Tuesday, February 12, 2008

Heath Ledger, Accidental poisoning?

Unless it's your pet Lab that will enthusiastically eat the wall board with a pillow for dessert, no one accidentally takes oxycodone, hydrocodone, diazepam, tempazepam, alprazolam, and doxylamine, all found in the system of Heath Ledger. Heath made choices along the way to anesthetize his brain and emotions.

I had a comment yesterday from someone who read an entry of mine about marijuana. He/she insisted that after using 20 years, it simply had no impact on his mind, and wasn't a gateway drug. Of course, he mentioned that the Iraq War had been running for 8 years, so it had impaired his math ability a bit, because that would mean President Clinton lead us into it--which he did sort of with all the hype about WMD, but that's another blog. He also had forgotten how to use capital letters. How hard can it be to use the shift key?

Most of these deaths aren't happening to star struck actors, they are happening to young white women. Poisoning mortality rates in the U.S. rose 62.5% during the 5-year period 1999 to 2004. 20,950 deaths in 2004 alone, up from 12,186 in 1999. The largest increases were among females (103.%), whites (75.8%), persons living in the southern U.S. (113.6%), and persons aged 15-24 years (113.3%). Among all sex and racial/ethnic groups, the largest increase (136.5%) was among non-Hispanic white females. So what's that include? Overdoses of illegal drugs and legal drugs taken for nonmedical reasons, legal drugs taken in error or at the wrong dose, and poisoning from other substances (alcohol, pesticides or carbon monoxide).

You can't slowly poison your brain cells with alcohol, marijuana or pain meds, and expect it to then indefinitely make the correct decisions on other drugs that become available, maybe because you lied to the doctor or the pharmacist to get a bigger high or low.

3 comments:

Dawn said...

I came over from somebody's blog. I have thought that Heath's death was brought on by his lifestyle.

As for marijuana being a gateway drug, if you'd like more proof than you already have, check out the story my son and I wrote together about his journey through drug addiction and back - on my sidebar.

JAM said...

Heath Ledger's drug cocktail ended up killing him, but several reports I've read of it said that the level of each drug was in a "therapeutic" amount. It was the mix of all the drugs, he didn't take a huge amount of any one drug.

I take a couple of those myself, and when I read about this situation, I sat and thought long and hard about how I take what medicines I do take.

First, I see three doctors. A family doctor, a pain management specialist, and an endocrinologist. I take a current list of each medicine/dose to each doctor visit so that they all three know exactly what and when I take every medicine. I always ask about possible drug interactions.

I do not take any herbal supplements because they can have a drastic effect on prescription medications. I only take a multi-vitamin beside the prescription stuff every day.

I also take the daily meds in a manner where I spread them out over the course of a day, to try to keep from pounding my liver. I have a blood test twice yearly specifically to look for signs of liver problems.

I'm fanatical about what/when/how much I take each medicine.
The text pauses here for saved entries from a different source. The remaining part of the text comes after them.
text \<open>
  Every \<open>x \<in> C(E)\<close> satisfies \<open>E i k + x k \<le> x i\<close>. For an idempotent of full rank no column is a
  tropical combination of the others, which forces a zero diagonal and forbids two rows of \<open>E\<close>
  from differing by a constant. Green's relations make every row of \<open>A\<close> dominated by shifts
  of rows of \<open>E\<close>, and every row of \<open>E\<close> a shifted row of \<open>A\<close>; by the previous fact the resulting
  assignment of rows is injective, hence a permutation \<open>\<tau>\<close> with \<open>A k l = r k + E (\<tau> k) l\<close>.
  On \<open>C(E)\<close> this gives \<open>(A \<otimes> x) k = r k + x (\<tau> k)\<close>: a permutation of coordinates followed by
  a translation, which is affine in the coordinates \<open>x i - x (n - 1)\<close>.
\<close>

declare Setcompr_eq_image [simp]

lemma setcompr_lessThan_eq_image [simp]: "{f k | k. k < (n::nat)} = f ` {..<n}"
  by auto

lemma Max_image_eqI:
  fixes f :: "'a \<Rightarrow> 'b::linorder"
  assumes "finite K" "\<And>k. k \<in> K \<Longrightarrow> f k \<le> m" "k \<in> K" "f k = m"
  shows "Max (f ` K) = m"
  using assms by (intro Max_eqI) auto

lemma Max_image_attained:
  fixes f :: "'a \<Rightarrow> 'b::linorder"
  assumes "finite K" "K \<noteq> {}"
  obtains k where "k \<in> K" "Max (f ` K) = f k"
proof -
  have "Max (f ` K) \<in> f ` K" using assms by simp
  then show thesis using that by blast
qed

lemma tmul_ge: "i < n \<Longrightarrow> j < n \<Longrightarrow> k < n \<Longrightarrow> A i k + B k j \<le> tmul n A B i j"
  unfolding tmul_def by simp

lemma tmul_attained:
  assumes "i < n" "j < n"
  obtains k where "k < n" "tmul n A B i j = A i k + B k j"
  using assms Max_image_attained[of "{..<n}" "\<lambda>k. A i k + B k j"] unfolding tmul_def by auto

lemma tact_ge: "i < n \<Longrightarrow> k < n \<Longrightarrow> A i k + x k \<le> tact n A x i"
  unfolding tact_def by simp

lemma tact_attained:
  assumes "i < n"
  obtains k where "k < n" "tact n A x i = A i k + x k"
  using assms Max_image_attained[of "{..<n}" "\<lambda>k. A i k + x k"] unfolding tact_def by auto

lemma tact_in_tvecs: "tact n A x \<in> tvecs n"
  unfolding tact_def tvecs_def by simp

lemma tcol_in_tvecs: "tcol n E j \<in> tvecs n"
  unfolding tcol_def tvecs_def by simp

lemma tspanE:
  assumes "x \<in> tspan n G"
  obtains S c where "finite S" "S \<noteq> {}" "S \<subseteq> G" "\<And>i. i < n \<Longrightarrow> x i = Max ((\<lambda>g. c g + g i) ` S)"
  using assms unfolding tspan_def by auto

lemma tspan_mono: "G \<subseteq> H \<Longrightarrow> tspan n G \<subseteq> tspan n H"
  unfolding tspan_def by blast

lemma tspan_generator: "g \<in> tvecs n \<Longrightarrow> g \<in> G \<Longrightarrow> g \<in> tspan n G"
  unfolding tspan_def by (intro CollectI conjI exI[of _ "{g}"] exI[of _ "\<lambda>_. 0"]) auto

text \<open>Combinations may be indexed by any finite family of generators; repeated generators are
  merged by taking the largest of their coefficients.\<close>
lemma tspan_familyI:
  assumes K: "finite K" "K \<noteq> {}" "f ` K \<subseteq> G" and "x \<in> tvecs n"
    and x: "\<And>i. i < n \<Longrightarrow> x i = Max ((\<lambda>k. c k + f k i) ` K)"
  shows "x \<in> tspan n G"
proof -
  define c' where "c' g = Max (c ` {k \<in> K. f k = g})" for g
  have c'_ge: "c k \<le> c' (f k)" if "k \<in> K" for k
    unfolding c'_def using K(1) that by (intro Max_ge) auto
  have c'_attained: "\<exists>k \<in> K. f k = g \<and> c' g = c k" if "g \<in> f ` K" for g
    using Max_image_attained[of "{k \<in> K. f k = g}" c] K(1) that unfolding c'_def by auto
  have "x i = Max ((\<lambda>g. c' g + g i) ` f ` K)" if i: "i < n" for i
  proof -
    have bound: "c' g + g i \<le> x i" if "g \<in> f ` K" for g
      using c'_attained[OF that] x[OF i] K(1) by (force intro: Max_ge)
    obtain k where "k \<in> K" "x i = c k + f k i"
      using Max_image_attained[OF K(1,2), of "\<lambda>k. c k + f k i"] x[OF i] by auto
    with bound c'_ge have "c' (f k) + f k i = x i" by force
    with \<open>k \<in> K\<close> bound K(1) show ?thesis by (intro Max_image_eqI[symmetric]) auto
  qed
  with assms show ?thesis
    unfolding tspan_def by (intro CollectI conjI exI[of _ "f ` K"] exI[of _ c']) auto
qed

lemma tspan_tcolI:
  assumes "finite K" "K \<noteq> {}" "K \<subseteq> {..<n}" "x \<in> tvecs n"
    and "\<And>i. i < n \<Longrightarrow> x i = Max ((\<lambda>k. c k + E i k) ` K)"
  shows "x \<in> tspan n (tcol n E ` K)"
proof (rule tspan_familyI[where f = "tcol n E" and c = c])
  fix i assume "i < n"
  then have "(\<lambda>k. c k + tcol n E k i) ` K = (\<lambda>k. c k + E i k) ` K" by (simp add: tcol_def)
  with assms(5) \<open>i < n\<close> show "x i = Max ((\<lambda>k. c k + tcol n E k i) ` K)" by simp
qed (use assms in auto)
It's time consuming, but not difficult.

After reading about Heath Ledger, I'm convinced that he had at least two doctors, maybe more, that didn't know what other doctors were prescribing. Then he recklessly took a handful of things, that individually might have only sedated him, but as a mix shut his body down.

I feel he "doctor shopped" so that he could have a bunch of drugs, though I can't prove that.

I guess I'm fortunate in that I don't really have an "addictive" personality. My only addiction is to too much food.

Anonymous said...

Addicts can accidentally overdose on that mixture. Just because it's dangerous doesn't mean he intended to kill himself. It just means that he tried to get one effect and got another.

Second, marijuana isn't good for you but I question the characterization of "gateway drug" If it was then why don't the millions of pot smokers all or mostly start taking cocaine or heroin? You could say that 90% of pot smokers started eating cereal and therefore Cap'n Cruch is a gateway cereal. The social scientist's old saw about correlation not be causation.

On a semi-unrelated note, many anti-drug arguments lose the moral high ground in the face of our ridiculous hypocrisy with regards to alcohol (can be overdosed on, easy to get, more socially acceptable) and pot (can't be overdosed on.)

It should also be noted that countries like the Netherlands with have de-criminalized pot and free needle and safe-haven programs for junkies have lower rates of drugs abuse, overdose and HIV infection.

In drug policy the decision comes down to "do you want to be right or do you want to win?"